Procpath is a process tree analysis workbench
Project description
Procpath
Procpath is a process tree analysis command-line workbench. Its goal is to provide natural interface to the tree structure of processes running on a Linux system for inspection and later analysis.
Installation
pip install --user Procpath
For installing Procpath into a dedicated virtual environment pipx [12] can be used.
pipx install Procpath
Quickstart
Get comma-separated PIDs of the process subtree (including the parent process pid=2610).
procpath query -d , '$..children[?(@.stat.pid == 2610)]..pid'
Get JSON document of said process subtree.
procpath query -i 2 '$..children[?(@.stat.pid == 2610)]'
Get total RSS in MiB of said process subtree (this is an example that query produces JSON that can be further processed outside of procpath, and below is a much easier way to calculate aggregates).
procpath query '$..children[?(@.stat.pid == 2610)]' \
| jq '[.. | .stat? | objects | .rss] | add / 1024 * 4'
Get total RSS in MiB of said process subtree the easy way.
procpath record -d out.sqlite -r 1 '$..children[?(@.stat.pid == 2610)]'
sqlite3 out.sqlite 'SELECT SUM(stat_rss) / 1024.0 * 4 FROM record'
Record process trees of two Docker containers once a second, re-evaluating the containers’ root process PIDs once per 30 recordings. Then visualise RSS of each process (which is also just an example, that output SQLite database can be visualised in different ways, including exporting CSV, sqlite3 -csv ..., and doing it the old way, to using proper UI described in Visualisation section below).
procpath record \
-e C1='docker inspect -f "{{.State.Pid}}" project_db_1' \
-e C2='docker inspect -f "{{.State.Pid}}" project_app_1' \
-i 1 -v 30 -d out.sqlite '$..children[?(@.stat.pid in [$C1, $C2])]'
# press Ctrl + C
sqlite3 out.sqlite \
"SELECT stat_pid, group_concat(stat_rss / 1024.0 * 4) \
FROM record \
GROUP BY stat_pid" \
| sed -z 's/\n/\n\n\n/g' | sed 's/|/\n/' | sed 's/,/\n/g' > special_fmt
gnuplot -p -e \
"plot for [i=0:*] 'special_fmt' index i with lines title columnheader(1)"
Visualisation
This section describes two methods of visualisation of SQLite databases produced by procpath record.
Built-in
Procpath comes with built-in SVG visualisation for the most basic temporal process analysis tasks. Currently this includes RSS and CPU usage.

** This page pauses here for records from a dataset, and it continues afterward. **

lemma J_ipv: "ipv (J z x) y = ipw z (b x y)"
proof -
  have "bilinear ipv"
    by (simp add: bilinear_conv_bounded_bilinear ipv.bounded_bilinear_axioms)
  moreover have "linear (\<lambda>y. ipw z (b x y))"
    using bounded_linear_compose[OF ipw.bounded_linear_right bracket.bounded_linear_right]
    by (rule bounded_linear.linear)
  ultimately obtain v where v: "\<forall>y. ipv v y = ipw z (b x y)"
    using nondegenerate_bilinear_form_represents[of ipv] ipv_nondegenerate by blast
  have "\<forall>y. Bf (J z x, 0) (y, 0) = Bf (0, z) (0, b x y)"
    unfolding Jmap_def
  proof (rule theI)
    show "\<forall>y. Bf (v, 0) (y, 0) = Bf (0, z) (0, b x y)"
      using v by (simp add: ipv_def ipw_def)
    show "v' = v" if "\<forall>y. Bf (v', 0) (y, 0) = Bf (0, z) (0, b x y)" for v'
      using that v by (intro ipv_eqI) (simp add: ipv_def ipw_def)
  qed
  then show ?thesis
    by (simp add: ipv_def ipw_def)
qed

sublocale J: bounded_bilinear J
proof -
  have "linear (J z)" for z
    by (intro linearI; rule ipv_eqI)
      (simp_all add: J_ipv ipv.add_left ipv.scaleR_left bracket.add_left bracket.scaleR_left
        ipw.add_right ipw.scaleR_right)
  moreover have "linear (\<lambda>z. J z x)" for x
    by (intro linearI; rule ipv_eqI)
      (simp_all add: J_ipv ipv.add_left ipv.scaleR_left ipw.add_left ipw.scaleR_left)
  ultimately show "bounded_bilinear J"
    by (simp add: bilinear_def flip: bilinear_conv_bounded_bilinear)
qed

lemma J_skew_adjoint: "ipv (J z x) y = - ipv x (J z y)"
proof -
  have "ipv x (J z y) = ipw z (b y x)"
    by (simp add: J_ipv ipv_commute[of x])
  then show ?thesis
    by (simp add: J_ipv bracket_skew[of x y] ipw.minus_right)
qed

lemma ipv_J_self [simp]: "ipv (J z x) x = 0"
  by (simp add: J_ipv ipw.zero_right)

end

locale pseudo_J_alg = mtype_alg b Bf
  for b :: "'v::euclidean_space \<Rightarrow> 'v \<Rightarrow> 'w::euclidean_space"
    and Bf :: "'v \<times> 'w \<Rightarrow> 'v \<times> 'w \<Rightarrow> real" +
  fixes Z :: "'w set"
  assumes orthonormal_basis: "pseudo_orthonormal_basis ipw Z"
    and J_square_cases: "z \<in> Z \<Longrightarrow> (\<forall>x. J z (J z x) = x) \<or> (\<forall>x. J z (J z x) = - x)"
    and J2_condition: "general_J2_condition b Bf"
begin

sublocale basis: pseudo_orthonormal_basis ipw Z
  by (fact orthonormal_basis)

definition J_sign :: "'w \<Rightarrow> real" where
  "J_sign z = (if \<forall>x. J z (J z x) = x then 1 else -1)"

lemma J_sign_cases: "J_sign z = 1 \<or> J_sign z = -1"
  by (simp add: J_sign_def)

lemma J_sign_square [simp]: "J_sign z * J_sign z = 1"
  by (simp add: J_sign_def)

lemma J_sign_square_mult [simp]: "J_sign z * (J_sign z * r) = r"
  by (simp flip: mult.assoc)

lemma J_square: "z \<in> Z \<Longrightarrow> J z (J z x) = J_sign z *\<^sub>R x"
  using J_square_cases[of z] by (auto simp: J_sign_def)

lemma basis_norm_square [simp]: "z \<in> Z \<Longrightarrow> ipw z z * ipw z z = 1"
  using basis.basis_norm[of z] by auto

lemma ipv_J_J_self:
  assumes "ipw z z' = 0"
  shows "ipv (J z (J z' x)) x = 0"
proof -
  obtain z'' where "J z (J z' x) = J z'' x"
    using J2_condition assms unfolding general_J2_condition_def ipw_def by blast
  then show ?thesis by simp
qed

lemma J_anticommute:
  assumes "z \<in> Z" "z' \<in> Z" "z \<noteq> z'"
  shows "J z (J z' x) = - J z' (J z x)"
proof -
  have orth: "ipw z z' = 0"
    using assms by (rule basis.orthogonal_basis)
  have "ipv (J z (J z' x) + J z' (J z x)) y = 0" for y
  proof -
    have "ipv (J z (J z' (x + y))) (x + y) = 0"
      using orth by (rule ipv_J_J_self)
    then have "ipv (J z (J z' x)) y + ipv (J z (J z' y)) x = 0"
      using ipv_J_J_self[OF orth, of x] ipv_J_J_self[OF orth, of y]
      by (simp add: J.add_right ipv.add_left ipv.add_right)
    moreover have "ipv (J z (J z' y)) x = ipv (J z' (J z x)) y"
      using J_skew_adjoint[of z "J z' y" x] J_skew_adjoint[of z' y "J z x"]
      by (simp add: ipv_commute[of y])
    ultimately show ?thesis
      by (simp add: ipv.add_left)
  qed
  then have "J z (J z' x) + J z' (J z x) = 0"
    by (rule ipv_nondegenerate)
  then show ?thesis
    by (simp add: eq_neg_iff_add_eq_0)
qed

lemma J_sign_norm_eq:
  assumes z: "z \<in> Z" and z': "z' \<in> Z"
  shows "J_sign z * ipw z z = J_sign z' * ipw z' z'"
proof (cases "z = z'")
  case False
  define c where "c = ipw z z * ipw z' z'"
  have orth: "ipw z z' = 0" "ipw z' z = 0"
    using basis.orthogonal_basis z z' False by auto
  have "ipw (z + z') (z - c *\<^sub>R z') = ipw z z - c * ipw z' z'"
    using orth by (simp add: ipw.add_left ipw.diff_right ipw.scaleR_right)
  also have "\<dots> = 0"
    using z' by (simp add: c_def mult.assoc)
  finally have orth_sum: "ipw (z + z') (z - c *\<^sub>R z') = 0" .
  have "(J_sign z - c * J_sign z') * ipv x x = 0" for x
  proof -
    have "0 = ipv (J (z + z') (J (z - c *\<^sub>R z') x)) x"
      using ipv_J_J_self[OF orth_sum] by simp
    also have "\<dots> = ipv (J z (J z x) - c *\<^sub>R J z (J z' x) + J z' (J z x) - c *\<^sub>R J z' (J z' x)) x"
      by (simp add: J.add_left J.diff_left J.scaleR_left J.diff_right J.scaleR_right algebra_simps)
    also have "\<dots> = (J_sign z - c * J_sign z') * ipv x x"
      using ipv_J_J_self[OF orth(1), of x] ipv_J_J_self[OF orth(2), of x]
        J_square[OF z] J_square[OF z']
      by (simp add: ipv.add_left ipv.diff_left ipv.scaleR_left algebra_simps)
    finally show ?thesis ..
  qed
  with exists_non_isotropic have "J_sign z = c * J_sign z'"
    by auto
  then show ?thesis
    using basis_norm_square[OF z] by (simp add: c_def algebra_simps)
qed simp

definition kappa :: real where
  "kappa = (let z = SOME z. z \<in> Z in J_sign z * ipw z z)"

lemma kappa: "z \<in> Z \<Longrightarrow> J_sign z * ipw z z = kappa"
  unfolding kappa_def Let_def by (rule J_sign_norm_eq) (auto intro: someI)

lemma kappa_cases: "kappa = 1 \<or> kappa = -1"
proof -
  obtain z where "z \<in> Z"
    using basis.basis_nonempty by blast
  then show ?thesis
    using kappa[of z] J_sign_cases[of z] basis.basis_norm[of z] by auto
qed

lemma bracket_J_clifford:
  assumes z: "z \<in> Z"
  shows "b (J z x) y - b x (J z y) = (2 * kappa * ipv x y) *\<^sub>R z"
proof -
  have "ipw k (b (J z x) y - b x (J z y) - (2 * kappa * ipv x y) *\<^sub>R z) = 0" if k: "k \<in> Z" for k
  proof -
    have "ipw k (b (J z x) y - b x (J z y)) = ipv (J k (J z x) + J z (J k x)) y"
      using J_skew_adjoint[of z "J k x" y]
      by (simp add: ipw.diff_right ipv.add_left J_ipv[symmetric] ipv_commute[of "J k x"])
    also have "\<dots> = ipw k ((2 * kappa * ipv x y) *\<^sub>R z)"
    proof (cases "k = z")
      case True
      have "kappa * ipw z z = J_sign z"
        using kappa[OF z] basis_norm_square[OF z] by (metis mult.assoc mult.right_neutral)
      then show ?thesis
        using True J_square[OF z] by (simp add: ipv.add_left ipv.scaleR_left ipw.scaleR_right)
    next
      case False
      then show ?thesis
        using J_anticommute[OF k z False] basis.orthogonal_basis[OF k z False]
        by (simp add: ipw.scaleR_right ipv.zero_left)
    qed
    finally show ?thesis
      by (simp add: ipw.diff_right)
  qed
  then show ?thesis
    using basis.orthogonal_to_basis_eq_0 by fastforce
qed

context
  fixes N :: "'v \<Rightarrow> 'v" and L :: "'w \<Rightarrow> 'w"
  assumes N_linear: "linear N" and L_linear: "linear L"
    and derivation: "\<And>x y. L (b x y) = b (N x) y + b x (N y)"
begin

interpretation N: linear N by (fact N_linear)

interpretation L: linear L by (fact L_linear)

definition N_sym :: "'v \<Rightarrow> 'v \<Rightarrow> real" where
  "N_sym x y = ipv (N x) y + ipv (N y) x"

lemma ipw_derivation_bracket: "ipw z (L (b x y)) = ipv (N y) (J z x) - ipv (N x) (J z y)"
proof -
  have "ipw z (b (N x) y) = - ipv (N x) (J z y)"
    by (simp add: J_ipv[symmetric] J_skew_adjoint)
  moreover have "ipw z (b x (N y)) = ipv (N y) (J z x)"
    by (simp add: J_ipv[symmetric] ipv_commute)
  ultimately show ?thesis
    by (simp add: derivation ipw.add_right)
qed

lemma derivation_clifford:
  assumes "z \<in> Z"
  shows "2 * kappa * ipv x y * ipw z' (L z) =
    (ipv (N y) (J z' (J z x)) - ipv (N (J z x)) (J z' y)) -
    (ipv (N (J z y)) (J z' x) - ipv (N x) (J z' (J z y)))"
proof -
  have "L (b (J z x) y) - L (b x (J z y)) = (2 * kappa * ipv x y) *\<^sub>R L z"
    using bracket_J_clifford[OF assms, of x y] by (metis L.diff L.scale)
  then have "ipw z' (L (b (J z x) y)) - ipw z' (L (b x (J z y))) =
      2 * kappa * ipv x y * ipw z' (L z)"
    by (metis ipw.diff_right ipw.scaleR_right real_scaleR_def)
  then show ?thesis
    by (simp add: ipw_derivation_bracket)
qed

lemma N_sym_J:
  assumes "z \<in> Z"
  shows "N_sym (J z x) (J z y) = J_sign z * N_sym x y - 2 * kappa * ipv x y * ipw z (L z)"
  using derivation_clifford[OF assms, of x y z] J_square[OF assms]
  by (simp add: N_sym_def ipv.scaleR_right algebra_simps)

lemma J_sign_derivation_diagonal:
  assumes z: "z \<in> Z" and z': "z' \<in> Z"
  shows "J_sign z * ipw z (L z) = J_sign z' * ipw z' (L z')"
proof (cases "z = z'")
  case False
  obtain x where x: "ipv x x \<noteq> 0"
    using exists_non_isotropic by blast
  have norm_J: "ipv (J w x) (J w x) = - J_sign w * ipv x x" if "w \<in> Z" for w
    using J_skew_adjoint[of w x "J w x"] J_square[OF that] by (simp add: ipv.scaleR_right)
  have N_sym_neg: "N_sym (- a) (- a) = N_sym a a" for a
    by (simp add: N_sym_def N.neg ipv.minus_left ipv.minus_right)
  have "N_sym (J z (J z' x)) (J z (J z' x)) = N_sym (J z' (J z x)) (J z' (J z x))"
    using J_anticommute[OF z z' False, of x] N_sym_neg by simp
  then have "4 * kappa * ipv x x * (J_sign z' * ipw z (L z) - J_sign z * ipw z' (L z')) = 0"
    using N_sym_J[OF z, of "J z' x" "J z' x"] N_sym_J[OF z', of x x] norm_J[OF z']
      N_sym_J[OF z', of "J z x" "J z x"] N_sym_J[OF z, of x x] norm_J[OF z]
    by (simp add: algebra_simps)
  then have "J_sign z' * ipw z (L z) = J_sign z * ipw z' (L z')"
    using x kappa_cases by auto
  then have "J_sign z * (J_sign z' * (J_sign z' * ipw z (L z))) =
      J_sign z' * (J_sign z * (J_sign z * ipw z' (L z')))"
    by (simp add: algebra_simps)
  then show ?thesis
    by simp
qed simp

lemma derivation_off_diagonal:
  assumes z: "z \<in> Z" and z': "z' \<in> Z" and ne: "z \<noteq> z'"
  shows "ipw z' (L z) + ipw z (L z') = 0"
proof -
  obtain x where x: "ipv x x \<noteq> 0"
    using exists_non_isotropic by blast
  define u where "u = J z (J z' x)"
  have anti: "J z' (J z x) = - u"
    unfolding u_def using J_anticommute[OF z z' ne, of x] by simp
  have "2 * kappa * ipv x x * (ipw z' (L z) + ipw z (L z')) =
      - (N_sym (J z x) (J z' x) + N_sym (J z' x) (J z x))"
    using derivation_clifford[OF z, of x x z'] derivation_clifford[OF z', of x x z] anti
    unfolding u_def by (simp add: N_sym_def ipv.minus_right algebra_simps)
  also have "N_sym (J z x) (J z' x) = N_sym x u - 2 * kappa * J_sign z * ipw z (L z) * ipv x u"
  proof -
    have "J z (J_sign z *\<^sub>R u) = J z' x"
      unfolding u_def using J_square[OF z] by (simp add: J.scaleR_right)
    then show ?thesis
      using N_sym_J[OF z, of x "J_sign z *\<^sub>R u"]
      by (simp add: N_sym_def N.scale ipv.scaleR_left ipv.scaleR_right algebra_simps)
  qed
  also have "N_sym (J z' x) (J z x) =
      N_sym x (- u) + 2 * kappa * J_sign z' * ipw z' (L z') * ipv x u"
  proof -
    have "u = - J z' (J z x)"
      using anti by simp
    then have "J z' u = - (J_sign z' *\<^sub>R J z x)"
      by (simp add: J.minus_right J_square[OF z'])
    then have "J z' (J_sign z' *\<^sub>R - u) = J z x"
      by (simp add: J.scaleR_right J.minus_right)
    then show ?thesis
      using N_sym_J[OF z', of x "J_sign z' *\<^sub>R - u"]
      by (simp add: N_sym_def N.scale N.neg ipv.scaleR_left ipv.scaleR_right ipv.minus_left
          ipv.minus_right algebra_simps)
  qed
  also have "N_sym x u - 2 * kappa * J_sign z * ipw z (L z) * ipv x u +
      (N_sym x (- u) + 2 * kappa * J_sign z' * ipw z' (L z') * ipv x u) = 0"
    using J_sign_derivation_diagonal[OF z z']
    by (simp add: N_sym_def N.neg ipv.minus_left ipv.minus_right algebra_simps)
  finally show ?thesis
    using x kappa_cases by auto
qed

lemma derivation_conformal: "basis.in_conformal_algebra L"
proof -
  obtain z0 where z0: "z0 \<in> Z"
    using basis.basis_nonempty by blast
  define \<mu> where "\<mu> = kappa * J_sign z0 * ipw z0 (L z0)"
  have "ipw (L d) e + ipw d (L e) = 2 * \<mu> * ipw d e" if d: "d \<in> Z" and e: "e \<in> Z" for d e
  proof (cases "d = e")
    case True
    have "ipw d d = kappa * J_sign d"
      using kappa[OF d] by (metis J_sign_square_mult mult.commute)
    moreover have "kappa * kappa = 1"
      using kappa_cases by auto
    ultimately have "\<mu> * ipw d d = J_sign d * (J_sign z0 * ipw z0 (L z0))"
      by (simp add: \<mu>_def algebra_simps)
    also have "\<dots> = ipw d (L d)"
      using J_sign_derivation_diagonal[OF d z0] by (metis J_sign_square_mult)
    finally show ?thesis
      using True ipw_commute[of "L d" d] by simp
  next
    case False
    then show ?thesis
      using derivation_off_diagonal[OF d e False] basis.orthogonal_basis[OF d e False]
      by (simp add: ipw_commute[of "L d"])
  qed
  then show ?thesis
    unfolding basis.in_conformal_algebra_def by blast
qed

end

lemma deriv_w_conformal:
  assumes "D \<in> prol (Suc (Suc 0))"
  shows "basis.in_conformal_algebra (deriv_w D)"
  by (rule derivation_conformal[OF linear_deriv_v[OF assms] linear_deriv_w[OF assms]
        deriv_w_bracket[OF assms]])

definition J_inv_comp :: "'w \<Rightarrow> 'w \<Rightarrow> 'v \<Rightarrow> 'v" where
  "J_inv_comp z z' x = J_sign z *\<^sub>R J z (J z' x)" \<comment> \<open>J_z^{-1} J_{z'}\<close>

lemma ipv_J_inv_comp: "z \<in> Z \<Longrightarrow> ipv (J z u) (J_inv_comp z z' e) = ipv (J z' u) e"
  by (simp add: J_inv_comp_def ipv.scaleR_right J_skew_adjoint J_square)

This example plots all processes’ RSS from the recorded database, using Ramer-Douglas-Peucker algorithm to remove redundant points from the SVG with ε=0.5, and with moving average window of 10.
procpath plot -d out.sqlite -f rss.svg -q rss -e 0.5 -w 10
If opened in a browser alone this SVG has some interactivity. SVG is produced by Pygal [13].

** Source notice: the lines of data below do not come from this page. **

theorem corollary7p2:
  fixes n :: nat and R :: "reaction set" and \<omega> :: "nat \<Rightarrow> nat \<Rightarrow> real" and c :: "nat \<Rightarrow> real"
  assumes network: "crn n R"
    and closed: "stoich_space R \<noteq> Rn n"
    and reduced: "reduced_basis n R \<omega>"
  shows "(\<exists>P. poly_rep R P (\<lambda>\<kappa>. det (jac n (ext_rate n R \<omega> \<kappa>) c)))
       \<and> (\<exists>Q. poly_rep R Q (\<lambda>\<kappa>. det (jac n (open_rate n R \<kappa>) c)))
       \<and> (\<forall>P Q. poly_rep R P (\<lambda>\<kappa>. det (jac n (ext_rate n R \<omega> \<kappa>) c))
              \<longrightarrow> poly_rep R Q (\<lambda>\<kappa>. det (jac n (open_rate n R \<kappa>) c))
              \<longrightarrow> P = homog_part R (stoich_dim R)
                        (\<lambda>m. (-1) ^ (n - stoich_dim R) * Q m))"
proof -
  have fin: "finite R" using network by (simp add: crn_def)
  have basis: "\<forall>i<n - stoich_dim R. \<omega> i \<in> stoich_perp n R"
    "\<forall>i<n - stoich_dim R. \<forall>j<n - stoich_dim R. \<omega> i j = (if i = j then 1 else 0)"
    using reduced unfolding reduced_basis_def Let_def by blast+
  note ext_rep = poly_rep_det_jac_ext_rate[OF stoich_dim_le[OF network] basis]
  obtain Q where "poly_rep R Q (\<lambda>\<kappa>. det (jac n (open_rate n R \<kappa>) c))"
    using rate_polyfun_imp_poly_rep[OF rate_polyfun_det_jac_open_rate[OF fin]] by blast
  then show ?thesis
    using ext_rep poly_rep_unique[OF fin] by blast
qed

end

It’s possible to filter by time ranges and PIDs. It’s also possible to use custom SQL queries besides built-in ones, and change the style of the visualisation. See the listing of procpath plot --help below.
Ad-hoc
A GUI-driven ad-hoc visualisation can be done in Plotly Falcon [11]. Instead of official raw Electron build, you can use this script to build AppImage [10].
Ad-hoc visualisation in Falcon is straightforward.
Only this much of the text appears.